• **Task brief**:
Copy every line of the entries that has the string "field" in it.
= = = = =
(* Let $F$ be a field of characteristic zero and let $A$ be a $\#$-superalgebra over $F$. Then for every $n\geq 1$, $$c_n^{grs}(A)\leq 4^n c_n(A).$$
   Context: All algebras are associative over $F$. A superalgebra is $A=A_0\oplus A_1$ with $A_iA_j\subseteq A_{(i+j)\bmod 2}$; $\deg a=i$ for $0\ne a\in A_i$. A superinvolution is an $F$-linear map $\#:A\to A$ with $A_i^\#\subseteq A_i$, $(c^\#)^\#=c$ and $(ab)^\#=(-1)^{\deg a\deg b}b^\#a^\#$ for homogeneous $a,b$; a graded involution is an $F$-linear map $\#$ with $A_i^\#\subseteq A_i$, $(c^\#)^\#=c$, $(ab)^\#=b^\#a^\#$. A $\#$-superalgebra is a superalgebra with a superinvolution or a graded involution $\#$. Put $A_i^{+}=\{a\in A_i:a^\#=a\}$, $A_i^-=\{a\in A_i:a^\#=-a\}$. Let $\mathcal F$ be the free non-unital associative algebra on $X=Y_0\cup Z_0\cup Y_1\cup Z_1$, $Y_i=\{y_{i,1},y_{i,2},\dots\}$, $Z_i=\{z_{i,1},z_{i,2},\dots\}$, where variables in $Y_i\cup Z_i$ have $\mathbb Z_2$-degree $i$, and $\#$ is defined by $y_{i,j}^\#=y_{i,j}$, $z_{i,j}^\#=-z_{i,j}$ and, on monomials, $(x_{i_1}\cdots x_{i_k})^\#=(-1)^{s(s-1)/2}x_{i_k}^\#\cdots x_{i_1}^\#$ ($s$ = number of odd variables) in the superinvolution case, resp. $(x_{i_1}\cdots x_{i_k})^\#=x_{i_k}^\#\cdots x_{i_1}^\#$ in the graded involution case, extended linearly. A polynomial $f\in\mathcal F$ is a $\#$-superidentity of $A$ if it vanishes under every substitution of variables $y_{0,j},z_{0,j},y_{1,j},z_{1,j}$ by elements of $A_0^+,A_0^-,A_1^+,A_1^-$ respectively; $Id_2^\#(A)$ is the set of these. $P_n^{grs}$ is the span of all monomials $w_{\sigma(1)}\cdots w_{\sigma(n)}$, $\sigma\in S_n$, $w_i\in\{y_{0,i},z_{0,i},y_{1,i},z_{1,i}\}$, and $c_n^{grs}(A)=\dim P_n^{grs}/(P_n^{grs}\cap Id_2^\#(A))$. $P_n$ is the space of ordinary multilinear polynomials in $x_1,\dots,x_n$, $Id(A)$ the ordinary polynomial identities of $A$, and $c_n(A)=\dim P_n/(P_n\cap Id(A))$. *)

theory Defs
  imports Complex_Main "HOL-Library.FuncSet" "HOL-Library.Function_Algebras" "HOL-Combinatorics.Permutations"
begin

fun mprod :: "'a::semigroup_mult list \<Rightarrow> 'a" where
  "mprod [] = undefined"
| "mprod [x] = x"
| "mprod (x # y # xs) = x * mprod (y # xs)"

definition sharp_superalgebra ::
  "('f::field \<Rightarrow> 'a::ring \<Rightarrow> 'a) \<Rightarrow> 'a set \<Rightarrow> 'a set \<Rightarrow> ('a \<Rightarrow> 'a) \<Rightarrow> bool" where
  "sharp_superalgebra smul A0 A1 sh \<longleftrightarrow>
     vector_space smul \<and>
     (\<forall>c a b. smul c (a * b) = smul c a * b \<and> smul c (a * b) = a * smul c b) \<and>
     module.subspace smul A0 \<and> module.subspace smul A1 \<and>
     A0 \<inter> A1 = {0} \<and> (\<forall>a. \<exists>a0\<in>A0. \<exists>a1\<in>A1. a = a0 + a1) \<and>
     (\<forall>a\<in>A0. \<forall>b\<in>A0. a * b \<in> A0) \<and> (\<forall>a\<in>A0. \<forall>b\<in>A1. a * b \<in> A1) \<and>
     (\<forall>a\<in>A1. \<forall>b\<in>A0. a * b \<in> A1) \<and> (\<forall>a\<in>A1. \<forall>b\<in>A1. a * b \<in> A0) \<and>
     Vector_Spaces.linear smul smul sh \<and> sh ` A0 \<subseteq> A0 \<and> sh ` A1 \<subseteq> A1 \<and>
     (\<forall>a. sh (sh a) = a) \<and>
     ( \<comment> \<open>superinvolution\<close>
       ((\<forall>a\<in>A0. \<forall>b\<in>A0 \<union> A1. sh (a * b) = sh b * sh a) \<and>
        (\<forall>a\<in>A1. \<forall>b\<in>A0. sh (a * b) = sh b * sh a) \<and>
        (\<forall>a\<in>A1. \<forall>b\<in>A1. sh (a * b) = - (sh b * sh a)))
     \<or> \<comment> \<open>graded involution\<close>
       (\<forall>a b. sh (a * b) = sh b * sh a))"
(* Let $\mathsf S$ be a finite-dimensional system such that the composite $\mathsf S\odot\mathsf S$ admits a state $\Phi$ that is pure, symmetric under exchange of the two subsystems, and preparationally faithful. Then, for $\mathbb F=\mathbb R,\mathbb C$: - the linear space of transformations is full, $\mathfrak T_{\mathbb F}(\mathsf S)=\mathrm{Lin}(\mathfrak E_{\mathbb F}(\mathsf S))$ (all linear maps on $\mathfrak E_{\mathbb F}(\mathsf S)$); - $\mathfrak S_{\mathbb F}(\mathsf S\odot\mathsf S)=\mathfrak S_{\mathbb F}(\mathsf S)\otimes\mathfrak S_{\mathbb F}(\mathsf S)$; - $\mathfrak E_{\mathbb F}(\mathsf S\odot\mathsf S)=\mathfrak E_{\mathbb F}(\mathsf S)\otimes\mathfrak E_{\mathbb F}(\mathsf S)$.
   Context: Single system $\mathsf S$. There is a real vector space $\mathfrak E_{\mathbb R}(\mathsf S)$ spanned by a convex cone $\mathfrak E_+(\mathsf S)$ of effects, with deterministic effect $e$. The state cone $\mathfrak S_+(\mathsf S)$ is the dual cone of $\mathfrak E_+$ (no-restriction hypothesis: states and effects are dual cones). The states are $\mathfrak S=\{\omega\in\mathfrak S_+:\omega(e)=1\}$. Transformations form a convex cone $\mathfrak T_+(\mathsf S)$ of linear maps on $\mathfrak E_{\mathbb R}$, written $a\mapsto a\circ\mathcal A$, acting on states by $(\mathcal A\omega)(a)=\omega(a\circ\mathcal A)$. The subscripts $\mathbb R,\mathbb C$ denote real and complex linear spans of the cones, and finite-dimensional means these spans are finite-dimensional. A pure state spans an extremal ray of the state cone. Composite systems. $\mathsf S\odot\mathsf S$ is again a system with its own cones of effects, states and transformations. It contains local effects $(a,b)=a\otimes b$ and local transformations $(\mathcal A,\mathcal B)$, which commute across subsystems. One has $\mathfrak Z_{\mathbb F}(\mathsf S)\otimes\mathfrak Z_{\mathbb F}(\mathsf S)\subseteq\mathfrak Z_{\mathbb F}(\mathsf S\odot\mathsf S)$ for $\mathfrak Z=\mathfrak E,\mathfrak S,\mathfrak T$. For a bipartite state $\Phi$ and transformations, $((\mathcal A,\mathcal B)\Phi)(E)=\Phi(E\circ(\mathcal A,\mathcal B))$. A bipartite state $\Phi$ is preparationally faithful (with respect to the first subsystem) if every bipartite state $\Psi$ can be written $\Psi=(\mathcal T_\Psi,\mathcal I)\Phi$ for some $\mathcal T_\Psi\in\mathfrak T_+(\mathsf S)$. It is symmetric if $\Phi(a,b)=\Phi(b,a)$ on local effects, i.e. it is invariant under swapping the subsystems. *)

theory Defs
  imports "HOL-Analysis.Analysis"
begin
(* Consider the two-dimensional hierarchical heavy hitter algorithm described in the context, over trees of depths $h_1,h_2$, with threshold $\phi\in(0,1]$, and let $A=1+\min(h_1,h_2)$. There exists $\epsilon_0>0$ (depending only on $\phi,h_1,h_2$) such that for every $\epsilon\in(0,\epsilon_0)$ with $1/\epsilon$ a positive integer and every nonempty stream, the set $P$ of prefixes output by the algorithm satisfies $$|P|\le\frac{2}{A\epsilon}\left(\phi-(1+A)\epsilon-\sqrt{(\phi-(1+A)\epsilon)^2-A^2\epsilon}\right).$$
   Context: Hierarchy: rooted trees $T_1,T_2$, all leaves of $T_i$ at depth $h_i$. A prefix is a pair $p=(p_1,p_2)$ of nodes $p_i\in T_i$; fully specified if both are leaves. $e\preceq p$ means $p_i$ is an ancestor of or equal to $e_i$ for $i=1,2$; $e\prec p$ means $e\preceq p$, $e\ne p$. The label of $p$ is $(\mathrm{depth}(p_1),\mathrm{depth}(p_2))$; there are $H=(h_1+1)(h_2+1)$ labels (lattice nodes); $p$ is at level $\mathrm{depth}(p_1)+\mathrm{depth}(p_2)$, and $L=h_1+h_2$. For prefixes $h,h'$: if $h_i,h'_i$ are comparable in $T_i$ for both $i$, $\mathrm{glb}(h,h')$ is the prefix whose $i$-th coordinate is the deeper of $h_i,h'_i$; otherwise $\mathrm{glb}(h,h')$ is a trivial item with count $0$ (and estimate $0$). Stream: updates $(e,c)$, $e$ fully specified, $c$ a positive integer; $N$ is the sum of all $c$ ($N>0$). Space Saving with $m$ counters: maintains at most $m$ items with counters and error values; on $(i,c)$, a tracked $i$ has its counter increased by $c$; otherwise if fewer than $m$ items are tracked $i$ is added with counter $c$, error $0$; otherwise an item $j$ with the smallest counter is replaced by $i$ with counter $c(j)+c$ and error $c(j)$. Estimates: tracked $i$: $f_{\max}(i)=c(i)$, $f_{\min}(i)=c(i)-\mathrm{err}(i)$; untracked: $f_{\min}(i)=0$, $f_{\max}(i)=$ smallest counter (or $0$ if fewer than $m$ items are tracked). Algorithm: one Space Saving instance with $1/\epsilon$ counters per label; on update $(e,c)$, for every prefix $p$ with $e\preceq p$ feed $(p,c)$ to the instance of $p$'s label; $f_{\min}(p),f_{\max}(p)$ are that instance's estimates. Output procedure with threshold $\phi$: $P=\emptyset$; for levels $l=L,L-1,\dots,0$, for each prefix $p$ at level $l$: let $H_p=\{h\in P: h\prec p,\ \nexists h'\in P \text{ with } h\prec h'\prec p\}$; set $F'_p=f_{\max}(p)-\sum_{h\in H_p}f_{\min}(h)+\sum f_{\max}(q)$, where the last sum is over unordered pairs $\{h,h'\}$ of distinct elements of $H_p$ with $q=\mathrm{glb}(h,h')$ such that there is no $h_3\in H_p\setminus\{h,h'\}$ with $q\preceq h_3$; if $F'_p\ge\phi N$, add $p$ to $P$ and output $p$ with $f_{\min}(p),f_{\max}(p)$. *)

theory Defs
  imports Complex_Main "HOL-Library.Sublist"
begin

text \<open>A node of a rooted tree is represented by the path (list of child labels) from the
root; ancestors are list prefixes, depth is length.\<close>

definition is_tree :: "'a list set \<Rightarrow> nat \<Rightarrow> bool" where
  "is_tree T h \<longleftrightarrow> finite T \<and> [] \<in> T \<and> (\<forall>x\<in>T. \<forall>y. prefix y x \<longrightarrow> y \<in> T)
     \<and> (\<forall>x\<in>T. length x \<le> h) \<and> (\<forall>x\<in>T. length x < h \<longrightarrow> (\<exists>a. x @ [a] \<in> T))"

type_synonym 'a pfx = "'a list \<times> 'a list"

definition pleq :: "'a pfx \<Rightarrow> 'a pfx \<Rightarrow> bool" where
  "pleq e p \<longleftrightarrow> prefix (fst p) (fst e) \<and> prefix (snd p) (snd e)"
lemma bad_set_eq_cyl_if_concentrated:
  assumes Q: "fa_prob S Q" and full: "\<And>t. Q (cyl x t) = 1" and "\<delta> > 0"
    and E: "E \<in> S" "\<delta> \<le> \<bar>P (E \<inter> cyl x t) / P (cyl x t) - Q E\<bar>"
  shows "bad_set S P Q (\<delta>/2) t = cyl x t"
proof -
  interpret Q: fa_probability S Q
    using admissible Q by unfold_locales
  have "\<omega> \<notin> bad_set S P Q (\<delta>/2) t" if "\<omega> \<notin> cyl x t" for \<omega>
  proof -
    have "Q (cyl \<omega> t) = 0"
      using Q.null_if_disjoint_full[OF Q.cyl_in_sets full Q.cyl_in_sets cyl_disjoint_of_not_mem[OF that]] .
    then show ?thesis by (simp add: bad_set_def)
  qed
  moreover have "\<omega> \<in> bad_set S P Q (\<delta>/2) t" if "\<omega> \<in> cyl x t" for \<omega>
  proof -
    have cyl_\<omega>: "cyl \<omega> t = cyl x t"
      using cyl_eq_of_mem[OF that] .
    have "\<bar>cond_prob P F \<omega> t - cond_prob Q F \<omega> t\<bar> \<le> 1" for F
      using cond_prob_bounds[of F \<omega> t] Q.cond_prob_bounds[of F \<omega> t] by (simp add: abs_le_iff)
    then have bdd: "bdd_above ((\<lambda>F. \<bar>cond_prob P F \<omega> t - cond_prob Q F \<omega> t\<bar>) ` S)"
      by (intro bdd_aboveI2)
    have "Q (E \<inter> cyl x t) = Q E"
      using Q.inter_eq_if_full[OF Q.cyl_in_sets full E(1)] .
    then have "\<delta> \<le> \<bar>cond_prob P E \<omega> t - cond_prob Q E \<omega> t\<bar>"
      using E(2) by (simp add: cond_prob_def cyl_\<omega> full)
    then have "\<delta> \<le> (SUP F\<in>S. \<bar>cond_prob P F \<omega> t - cond_prob Q F \<omega> t\<bar>)"
      using cSUP_upper2[OF bdd E(1)] by simp
    then show ?thesis
      using \<open>\<delta> > 0\<close> by (simp add: bad_set_def cyl_\<omega> full)
  qed
  ultimately show ?thesis by blast
qed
= = = = =
• **Exercise solution**:
(* Let $F$ be a field of characteristic zero and let $A$ be a $\#$-superalgebra over $F$. Then for every $n\geq 1$, $$c_n^{grs}(A)\leq 4^n c_n(A).$$
  "('f::field \<Rightarrow> 'a::ring \<Rightarrow> 'a) \<Rightarrow> 'a set \<Rightarrow> 'a set \<Rightarrow> ('a \<Rightarrow> 'a) \<Rightarrow> bool" where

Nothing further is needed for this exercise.